#### [Task inputs]
▽
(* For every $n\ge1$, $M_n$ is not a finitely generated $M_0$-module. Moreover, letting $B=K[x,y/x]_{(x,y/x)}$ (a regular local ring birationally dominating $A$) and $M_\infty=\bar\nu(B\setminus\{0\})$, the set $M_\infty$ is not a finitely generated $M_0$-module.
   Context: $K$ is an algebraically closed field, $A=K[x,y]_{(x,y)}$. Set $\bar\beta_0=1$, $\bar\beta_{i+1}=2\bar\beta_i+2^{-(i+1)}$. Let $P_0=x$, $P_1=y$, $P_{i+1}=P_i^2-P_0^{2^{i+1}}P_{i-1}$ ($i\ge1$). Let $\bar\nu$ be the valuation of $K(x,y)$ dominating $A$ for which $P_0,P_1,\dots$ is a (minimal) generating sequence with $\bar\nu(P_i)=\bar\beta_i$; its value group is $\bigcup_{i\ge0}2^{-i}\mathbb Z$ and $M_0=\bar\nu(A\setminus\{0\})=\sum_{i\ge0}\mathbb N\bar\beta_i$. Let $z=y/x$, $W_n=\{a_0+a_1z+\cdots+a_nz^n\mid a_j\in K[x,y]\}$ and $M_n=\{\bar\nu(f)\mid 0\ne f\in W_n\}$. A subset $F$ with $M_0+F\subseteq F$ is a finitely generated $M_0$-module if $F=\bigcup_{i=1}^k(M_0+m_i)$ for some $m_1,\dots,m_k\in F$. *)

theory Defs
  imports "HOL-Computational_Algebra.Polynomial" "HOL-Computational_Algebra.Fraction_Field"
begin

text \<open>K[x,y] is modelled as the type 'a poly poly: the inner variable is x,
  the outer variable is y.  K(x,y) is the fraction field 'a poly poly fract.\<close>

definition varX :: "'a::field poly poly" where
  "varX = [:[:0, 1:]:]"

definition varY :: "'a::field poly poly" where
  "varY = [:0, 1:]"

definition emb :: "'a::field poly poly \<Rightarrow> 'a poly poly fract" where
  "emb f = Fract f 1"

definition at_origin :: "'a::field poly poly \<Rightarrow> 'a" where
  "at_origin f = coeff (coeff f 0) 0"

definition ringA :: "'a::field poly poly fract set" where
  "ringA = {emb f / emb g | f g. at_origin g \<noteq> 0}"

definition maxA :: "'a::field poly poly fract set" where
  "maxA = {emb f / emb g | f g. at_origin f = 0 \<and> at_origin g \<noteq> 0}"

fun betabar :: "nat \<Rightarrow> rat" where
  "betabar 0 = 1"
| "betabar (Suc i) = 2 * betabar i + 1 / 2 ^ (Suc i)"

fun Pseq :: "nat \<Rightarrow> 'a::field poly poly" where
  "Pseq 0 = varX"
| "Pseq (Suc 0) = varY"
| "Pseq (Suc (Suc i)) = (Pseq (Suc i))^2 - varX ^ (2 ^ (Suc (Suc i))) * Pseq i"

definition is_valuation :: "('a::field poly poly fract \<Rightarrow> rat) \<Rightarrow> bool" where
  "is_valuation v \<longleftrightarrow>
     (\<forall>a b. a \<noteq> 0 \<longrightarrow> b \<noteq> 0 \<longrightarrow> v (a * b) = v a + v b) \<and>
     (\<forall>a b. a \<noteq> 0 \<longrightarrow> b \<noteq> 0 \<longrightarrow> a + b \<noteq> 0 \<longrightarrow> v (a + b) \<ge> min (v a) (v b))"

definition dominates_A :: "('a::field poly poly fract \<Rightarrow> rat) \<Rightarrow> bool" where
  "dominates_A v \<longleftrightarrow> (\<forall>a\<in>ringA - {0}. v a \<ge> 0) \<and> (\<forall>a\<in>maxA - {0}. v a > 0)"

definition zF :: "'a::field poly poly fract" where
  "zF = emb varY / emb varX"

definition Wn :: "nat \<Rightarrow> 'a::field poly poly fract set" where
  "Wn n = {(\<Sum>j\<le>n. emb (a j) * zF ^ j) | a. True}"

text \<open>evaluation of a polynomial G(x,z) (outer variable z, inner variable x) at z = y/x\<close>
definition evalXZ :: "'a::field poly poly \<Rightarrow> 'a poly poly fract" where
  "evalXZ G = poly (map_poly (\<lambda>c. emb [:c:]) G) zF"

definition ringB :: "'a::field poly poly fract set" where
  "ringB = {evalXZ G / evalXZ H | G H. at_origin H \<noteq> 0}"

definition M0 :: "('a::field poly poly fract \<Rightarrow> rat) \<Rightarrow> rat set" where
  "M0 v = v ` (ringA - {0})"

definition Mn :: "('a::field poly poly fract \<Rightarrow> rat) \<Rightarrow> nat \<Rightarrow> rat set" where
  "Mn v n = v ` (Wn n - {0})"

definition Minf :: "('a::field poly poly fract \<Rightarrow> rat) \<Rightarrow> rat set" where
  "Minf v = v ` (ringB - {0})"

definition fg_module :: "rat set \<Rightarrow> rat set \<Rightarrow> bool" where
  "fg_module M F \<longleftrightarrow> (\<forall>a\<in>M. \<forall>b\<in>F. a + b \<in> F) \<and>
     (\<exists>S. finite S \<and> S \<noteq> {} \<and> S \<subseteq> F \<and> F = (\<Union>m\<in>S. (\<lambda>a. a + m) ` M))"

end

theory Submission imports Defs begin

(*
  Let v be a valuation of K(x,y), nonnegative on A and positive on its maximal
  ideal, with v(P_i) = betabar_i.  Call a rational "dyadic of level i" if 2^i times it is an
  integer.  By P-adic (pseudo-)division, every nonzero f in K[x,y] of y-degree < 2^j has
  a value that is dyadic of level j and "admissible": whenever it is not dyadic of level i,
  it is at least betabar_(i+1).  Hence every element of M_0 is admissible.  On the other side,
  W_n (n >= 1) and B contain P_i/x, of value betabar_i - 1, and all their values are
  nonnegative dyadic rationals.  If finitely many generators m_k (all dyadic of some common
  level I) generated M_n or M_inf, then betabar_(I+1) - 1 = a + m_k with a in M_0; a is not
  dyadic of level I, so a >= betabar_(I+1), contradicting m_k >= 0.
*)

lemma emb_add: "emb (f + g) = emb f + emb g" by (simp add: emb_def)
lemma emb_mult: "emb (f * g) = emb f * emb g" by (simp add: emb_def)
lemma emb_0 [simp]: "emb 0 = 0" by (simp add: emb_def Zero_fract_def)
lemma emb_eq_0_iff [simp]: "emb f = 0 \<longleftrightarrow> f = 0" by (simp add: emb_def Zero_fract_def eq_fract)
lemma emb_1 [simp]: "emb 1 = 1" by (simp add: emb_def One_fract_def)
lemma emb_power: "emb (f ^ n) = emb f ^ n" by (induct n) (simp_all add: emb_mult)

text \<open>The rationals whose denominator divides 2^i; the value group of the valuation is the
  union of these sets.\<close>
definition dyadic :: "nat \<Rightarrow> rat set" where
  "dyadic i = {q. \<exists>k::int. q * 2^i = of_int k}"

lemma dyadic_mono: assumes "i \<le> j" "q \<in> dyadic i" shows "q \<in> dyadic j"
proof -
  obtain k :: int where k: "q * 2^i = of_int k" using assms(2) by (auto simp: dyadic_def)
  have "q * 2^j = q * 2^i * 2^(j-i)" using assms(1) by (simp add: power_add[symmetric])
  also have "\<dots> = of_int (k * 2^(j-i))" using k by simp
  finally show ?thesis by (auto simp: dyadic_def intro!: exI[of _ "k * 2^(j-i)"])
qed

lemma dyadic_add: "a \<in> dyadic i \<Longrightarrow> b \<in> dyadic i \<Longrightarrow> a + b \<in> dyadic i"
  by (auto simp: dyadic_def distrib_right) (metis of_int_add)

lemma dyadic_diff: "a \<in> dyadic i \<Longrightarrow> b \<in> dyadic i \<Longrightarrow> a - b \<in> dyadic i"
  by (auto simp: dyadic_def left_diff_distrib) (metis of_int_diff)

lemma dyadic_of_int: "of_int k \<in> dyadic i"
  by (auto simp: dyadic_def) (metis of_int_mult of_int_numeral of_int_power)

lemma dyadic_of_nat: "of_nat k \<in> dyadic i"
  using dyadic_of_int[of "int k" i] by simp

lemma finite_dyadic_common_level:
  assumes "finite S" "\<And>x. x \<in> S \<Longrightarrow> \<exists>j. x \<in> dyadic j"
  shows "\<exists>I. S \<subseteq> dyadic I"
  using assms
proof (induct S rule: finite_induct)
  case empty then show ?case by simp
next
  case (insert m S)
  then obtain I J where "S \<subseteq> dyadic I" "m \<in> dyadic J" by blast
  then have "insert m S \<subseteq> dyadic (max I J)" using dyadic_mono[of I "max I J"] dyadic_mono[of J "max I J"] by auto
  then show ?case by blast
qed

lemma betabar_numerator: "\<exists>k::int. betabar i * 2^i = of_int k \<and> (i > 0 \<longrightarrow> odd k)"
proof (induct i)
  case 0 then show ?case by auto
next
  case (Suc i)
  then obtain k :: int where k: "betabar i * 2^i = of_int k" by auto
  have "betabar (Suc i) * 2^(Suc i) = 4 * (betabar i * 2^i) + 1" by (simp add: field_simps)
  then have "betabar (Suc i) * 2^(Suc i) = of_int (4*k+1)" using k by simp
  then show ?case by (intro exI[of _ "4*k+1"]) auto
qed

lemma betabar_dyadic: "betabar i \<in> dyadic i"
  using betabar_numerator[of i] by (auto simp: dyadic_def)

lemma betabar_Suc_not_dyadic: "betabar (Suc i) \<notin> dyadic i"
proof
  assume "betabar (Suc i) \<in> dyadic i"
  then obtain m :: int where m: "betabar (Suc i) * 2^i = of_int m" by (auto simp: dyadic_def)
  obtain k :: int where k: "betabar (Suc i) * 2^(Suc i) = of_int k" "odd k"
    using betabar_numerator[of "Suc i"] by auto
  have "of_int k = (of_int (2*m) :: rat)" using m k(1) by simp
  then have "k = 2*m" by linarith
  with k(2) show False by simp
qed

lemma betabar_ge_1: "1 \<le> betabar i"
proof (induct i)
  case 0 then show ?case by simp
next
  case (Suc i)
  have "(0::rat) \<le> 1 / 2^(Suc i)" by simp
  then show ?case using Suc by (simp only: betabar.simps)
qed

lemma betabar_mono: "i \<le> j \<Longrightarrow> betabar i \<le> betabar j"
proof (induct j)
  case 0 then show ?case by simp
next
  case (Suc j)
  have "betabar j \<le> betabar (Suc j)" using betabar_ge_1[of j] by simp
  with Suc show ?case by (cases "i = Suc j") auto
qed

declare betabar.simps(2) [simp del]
△
▽
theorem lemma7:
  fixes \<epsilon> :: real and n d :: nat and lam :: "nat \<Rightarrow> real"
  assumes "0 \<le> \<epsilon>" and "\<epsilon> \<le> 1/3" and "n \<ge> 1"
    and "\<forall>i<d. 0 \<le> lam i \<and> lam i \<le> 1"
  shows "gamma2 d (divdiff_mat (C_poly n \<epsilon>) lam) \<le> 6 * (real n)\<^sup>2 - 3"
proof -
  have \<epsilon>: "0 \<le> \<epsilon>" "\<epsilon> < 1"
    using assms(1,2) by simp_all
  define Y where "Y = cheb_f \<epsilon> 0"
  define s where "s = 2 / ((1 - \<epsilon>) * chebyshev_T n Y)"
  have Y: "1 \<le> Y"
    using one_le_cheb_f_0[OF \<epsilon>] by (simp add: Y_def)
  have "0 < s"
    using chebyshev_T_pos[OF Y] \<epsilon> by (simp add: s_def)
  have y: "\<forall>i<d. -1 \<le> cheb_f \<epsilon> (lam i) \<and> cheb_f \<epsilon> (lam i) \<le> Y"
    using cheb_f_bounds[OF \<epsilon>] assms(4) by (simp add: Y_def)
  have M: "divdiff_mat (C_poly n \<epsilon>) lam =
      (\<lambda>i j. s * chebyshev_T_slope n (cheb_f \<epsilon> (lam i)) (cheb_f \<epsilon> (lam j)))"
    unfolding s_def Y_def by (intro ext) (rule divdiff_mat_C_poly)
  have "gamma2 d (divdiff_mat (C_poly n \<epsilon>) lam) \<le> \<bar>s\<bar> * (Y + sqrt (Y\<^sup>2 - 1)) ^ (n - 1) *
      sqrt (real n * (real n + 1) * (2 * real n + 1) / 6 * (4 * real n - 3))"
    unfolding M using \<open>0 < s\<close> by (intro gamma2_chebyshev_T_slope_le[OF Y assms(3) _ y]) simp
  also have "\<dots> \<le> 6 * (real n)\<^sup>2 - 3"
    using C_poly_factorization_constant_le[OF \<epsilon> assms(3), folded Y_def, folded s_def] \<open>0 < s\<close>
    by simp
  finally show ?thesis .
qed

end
△
▽
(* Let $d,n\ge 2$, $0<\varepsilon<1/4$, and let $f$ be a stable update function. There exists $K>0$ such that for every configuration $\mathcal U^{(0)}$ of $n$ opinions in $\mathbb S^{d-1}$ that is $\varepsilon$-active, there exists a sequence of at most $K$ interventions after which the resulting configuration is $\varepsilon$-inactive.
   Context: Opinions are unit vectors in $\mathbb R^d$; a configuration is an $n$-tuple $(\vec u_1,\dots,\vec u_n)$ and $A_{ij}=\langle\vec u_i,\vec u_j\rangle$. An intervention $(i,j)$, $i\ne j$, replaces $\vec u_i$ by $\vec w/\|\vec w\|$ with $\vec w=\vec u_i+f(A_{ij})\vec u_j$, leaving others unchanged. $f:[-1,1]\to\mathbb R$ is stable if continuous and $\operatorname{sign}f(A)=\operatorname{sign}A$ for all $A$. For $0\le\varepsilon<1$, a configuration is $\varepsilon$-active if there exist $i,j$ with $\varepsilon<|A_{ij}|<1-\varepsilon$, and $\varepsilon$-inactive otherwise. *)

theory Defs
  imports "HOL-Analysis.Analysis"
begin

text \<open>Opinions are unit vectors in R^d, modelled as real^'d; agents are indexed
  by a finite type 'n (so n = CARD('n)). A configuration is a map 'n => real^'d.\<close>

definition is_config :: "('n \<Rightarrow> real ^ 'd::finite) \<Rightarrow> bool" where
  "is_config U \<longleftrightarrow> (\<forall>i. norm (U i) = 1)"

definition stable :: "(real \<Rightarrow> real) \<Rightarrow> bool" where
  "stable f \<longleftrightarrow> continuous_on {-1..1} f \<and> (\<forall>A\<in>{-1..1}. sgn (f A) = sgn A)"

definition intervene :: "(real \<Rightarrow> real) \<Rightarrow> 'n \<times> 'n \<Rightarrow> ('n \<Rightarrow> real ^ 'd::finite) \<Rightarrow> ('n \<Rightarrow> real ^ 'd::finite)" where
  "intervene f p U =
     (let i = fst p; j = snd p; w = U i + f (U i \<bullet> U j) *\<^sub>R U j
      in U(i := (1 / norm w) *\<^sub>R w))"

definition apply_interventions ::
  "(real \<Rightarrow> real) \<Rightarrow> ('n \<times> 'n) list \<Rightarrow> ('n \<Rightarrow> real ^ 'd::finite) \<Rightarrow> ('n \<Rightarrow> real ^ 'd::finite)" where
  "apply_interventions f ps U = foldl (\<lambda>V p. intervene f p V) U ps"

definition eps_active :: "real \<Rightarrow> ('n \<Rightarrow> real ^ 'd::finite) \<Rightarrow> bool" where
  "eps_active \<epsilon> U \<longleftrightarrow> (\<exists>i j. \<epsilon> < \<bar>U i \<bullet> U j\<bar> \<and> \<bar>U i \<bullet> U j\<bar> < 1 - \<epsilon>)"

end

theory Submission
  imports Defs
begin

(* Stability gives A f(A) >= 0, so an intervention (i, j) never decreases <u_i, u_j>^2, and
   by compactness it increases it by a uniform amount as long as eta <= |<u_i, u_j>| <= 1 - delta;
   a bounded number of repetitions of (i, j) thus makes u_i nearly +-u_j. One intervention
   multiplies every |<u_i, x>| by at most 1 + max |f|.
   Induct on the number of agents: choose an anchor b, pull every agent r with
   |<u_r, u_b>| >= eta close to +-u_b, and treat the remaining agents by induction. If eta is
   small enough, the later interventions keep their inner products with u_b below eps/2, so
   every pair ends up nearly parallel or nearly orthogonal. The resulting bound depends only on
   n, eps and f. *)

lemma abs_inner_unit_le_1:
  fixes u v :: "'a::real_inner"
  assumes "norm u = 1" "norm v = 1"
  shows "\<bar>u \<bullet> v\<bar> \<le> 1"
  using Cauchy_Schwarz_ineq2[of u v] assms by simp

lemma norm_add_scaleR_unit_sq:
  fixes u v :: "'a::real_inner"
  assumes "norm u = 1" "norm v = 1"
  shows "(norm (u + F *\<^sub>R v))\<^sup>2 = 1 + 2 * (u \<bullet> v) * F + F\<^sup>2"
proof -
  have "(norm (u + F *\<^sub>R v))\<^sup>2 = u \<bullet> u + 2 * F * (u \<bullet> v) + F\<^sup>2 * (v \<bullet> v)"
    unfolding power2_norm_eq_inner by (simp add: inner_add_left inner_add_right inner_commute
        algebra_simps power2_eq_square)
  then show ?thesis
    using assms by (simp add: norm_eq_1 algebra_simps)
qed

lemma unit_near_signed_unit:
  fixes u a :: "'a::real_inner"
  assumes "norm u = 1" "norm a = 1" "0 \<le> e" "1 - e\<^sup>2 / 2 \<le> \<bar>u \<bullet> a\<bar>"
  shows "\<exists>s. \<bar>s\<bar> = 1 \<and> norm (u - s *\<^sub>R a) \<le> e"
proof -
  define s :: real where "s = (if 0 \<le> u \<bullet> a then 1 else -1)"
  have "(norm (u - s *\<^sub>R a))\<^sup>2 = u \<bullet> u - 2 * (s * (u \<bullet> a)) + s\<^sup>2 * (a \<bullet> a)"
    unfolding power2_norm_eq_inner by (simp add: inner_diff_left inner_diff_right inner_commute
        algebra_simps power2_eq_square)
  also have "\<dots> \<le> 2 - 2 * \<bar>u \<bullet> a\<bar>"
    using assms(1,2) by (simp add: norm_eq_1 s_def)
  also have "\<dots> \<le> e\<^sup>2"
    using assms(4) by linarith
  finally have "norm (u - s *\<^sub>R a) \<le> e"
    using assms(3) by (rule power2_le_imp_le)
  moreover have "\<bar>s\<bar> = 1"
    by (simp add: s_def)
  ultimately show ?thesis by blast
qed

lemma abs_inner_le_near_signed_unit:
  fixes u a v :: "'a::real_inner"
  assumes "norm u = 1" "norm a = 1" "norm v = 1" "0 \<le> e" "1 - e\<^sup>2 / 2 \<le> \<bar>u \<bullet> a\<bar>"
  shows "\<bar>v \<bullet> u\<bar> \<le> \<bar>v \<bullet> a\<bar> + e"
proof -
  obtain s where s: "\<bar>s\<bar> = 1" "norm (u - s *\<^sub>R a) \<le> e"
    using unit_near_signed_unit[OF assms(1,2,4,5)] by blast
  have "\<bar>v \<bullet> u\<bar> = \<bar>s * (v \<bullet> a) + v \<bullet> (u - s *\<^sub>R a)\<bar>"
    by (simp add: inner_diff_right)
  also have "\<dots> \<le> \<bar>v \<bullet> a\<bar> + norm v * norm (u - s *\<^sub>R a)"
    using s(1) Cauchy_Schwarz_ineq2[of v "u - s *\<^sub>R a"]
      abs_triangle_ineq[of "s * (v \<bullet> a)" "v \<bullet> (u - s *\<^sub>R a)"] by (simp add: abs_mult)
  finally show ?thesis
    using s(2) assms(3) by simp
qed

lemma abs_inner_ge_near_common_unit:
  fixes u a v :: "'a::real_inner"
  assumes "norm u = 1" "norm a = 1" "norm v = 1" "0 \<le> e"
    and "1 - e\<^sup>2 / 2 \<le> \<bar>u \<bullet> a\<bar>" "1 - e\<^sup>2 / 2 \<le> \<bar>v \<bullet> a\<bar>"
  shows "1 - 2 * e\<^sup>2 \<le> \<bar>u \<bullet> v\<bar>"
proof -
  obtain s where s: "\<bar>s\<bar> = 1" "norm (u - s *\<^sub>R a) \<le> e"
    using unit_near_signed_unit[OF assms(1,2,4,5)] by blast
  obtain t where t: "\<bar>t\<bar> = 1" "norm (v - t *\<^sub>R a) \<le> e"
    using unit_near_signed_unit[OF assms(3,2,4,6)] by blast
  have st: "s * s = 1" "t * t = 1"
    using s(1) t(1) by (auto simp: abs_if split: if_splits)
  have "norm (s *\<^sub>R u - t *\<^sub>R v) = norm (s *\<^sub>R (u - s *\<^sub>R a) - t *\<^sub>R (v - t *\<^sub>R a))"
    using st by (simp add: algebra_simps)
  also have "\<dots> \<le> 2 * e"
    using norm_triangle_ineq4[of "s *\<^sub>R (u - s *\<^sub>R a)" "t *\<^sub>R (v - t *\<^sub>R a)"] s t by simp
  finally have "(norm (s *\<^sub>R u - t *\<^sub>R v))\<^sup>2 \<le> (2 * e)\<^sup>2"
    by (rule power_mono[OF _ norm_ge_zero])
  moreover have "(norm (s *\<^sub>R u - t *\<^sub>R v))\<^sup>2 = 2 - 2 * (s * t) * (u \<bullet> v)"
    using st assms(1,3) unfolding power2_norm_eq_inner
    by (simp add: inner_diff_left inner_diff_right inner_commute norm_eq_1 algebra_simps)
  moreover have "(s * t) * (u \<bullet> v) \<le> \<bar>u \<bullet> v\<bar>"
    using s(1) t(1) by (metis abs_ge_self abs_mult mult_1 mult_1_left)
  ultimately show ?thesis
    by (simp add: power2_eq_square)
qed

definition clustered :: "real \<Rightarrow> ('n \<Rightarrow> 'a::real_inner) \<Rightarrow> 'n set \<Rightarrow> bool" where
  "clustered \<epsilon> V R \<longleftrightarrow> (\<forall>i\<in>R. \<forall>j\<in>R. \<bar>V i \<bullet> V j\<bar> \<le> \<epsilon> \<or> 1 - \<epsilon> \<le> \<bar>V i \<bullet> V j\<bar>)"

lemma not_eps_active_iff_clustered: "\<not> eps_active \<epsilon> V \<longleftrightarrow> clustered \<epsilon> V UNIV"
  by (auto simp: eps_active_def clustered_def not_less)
△
#### [Work order]
What is needed is every line from the data above that includes the string "thesis", copied out.

#### [Solution for this task]
  finally show ?thesis by (auto simp: dyadic_def intro!: exI[of _ "k * 2^(j-i)"])
  finally show ?thesis .
  then show ?thesis
  ultimately show ?thesis by blast
  finally show ?thesis
  ultimately show ?thesis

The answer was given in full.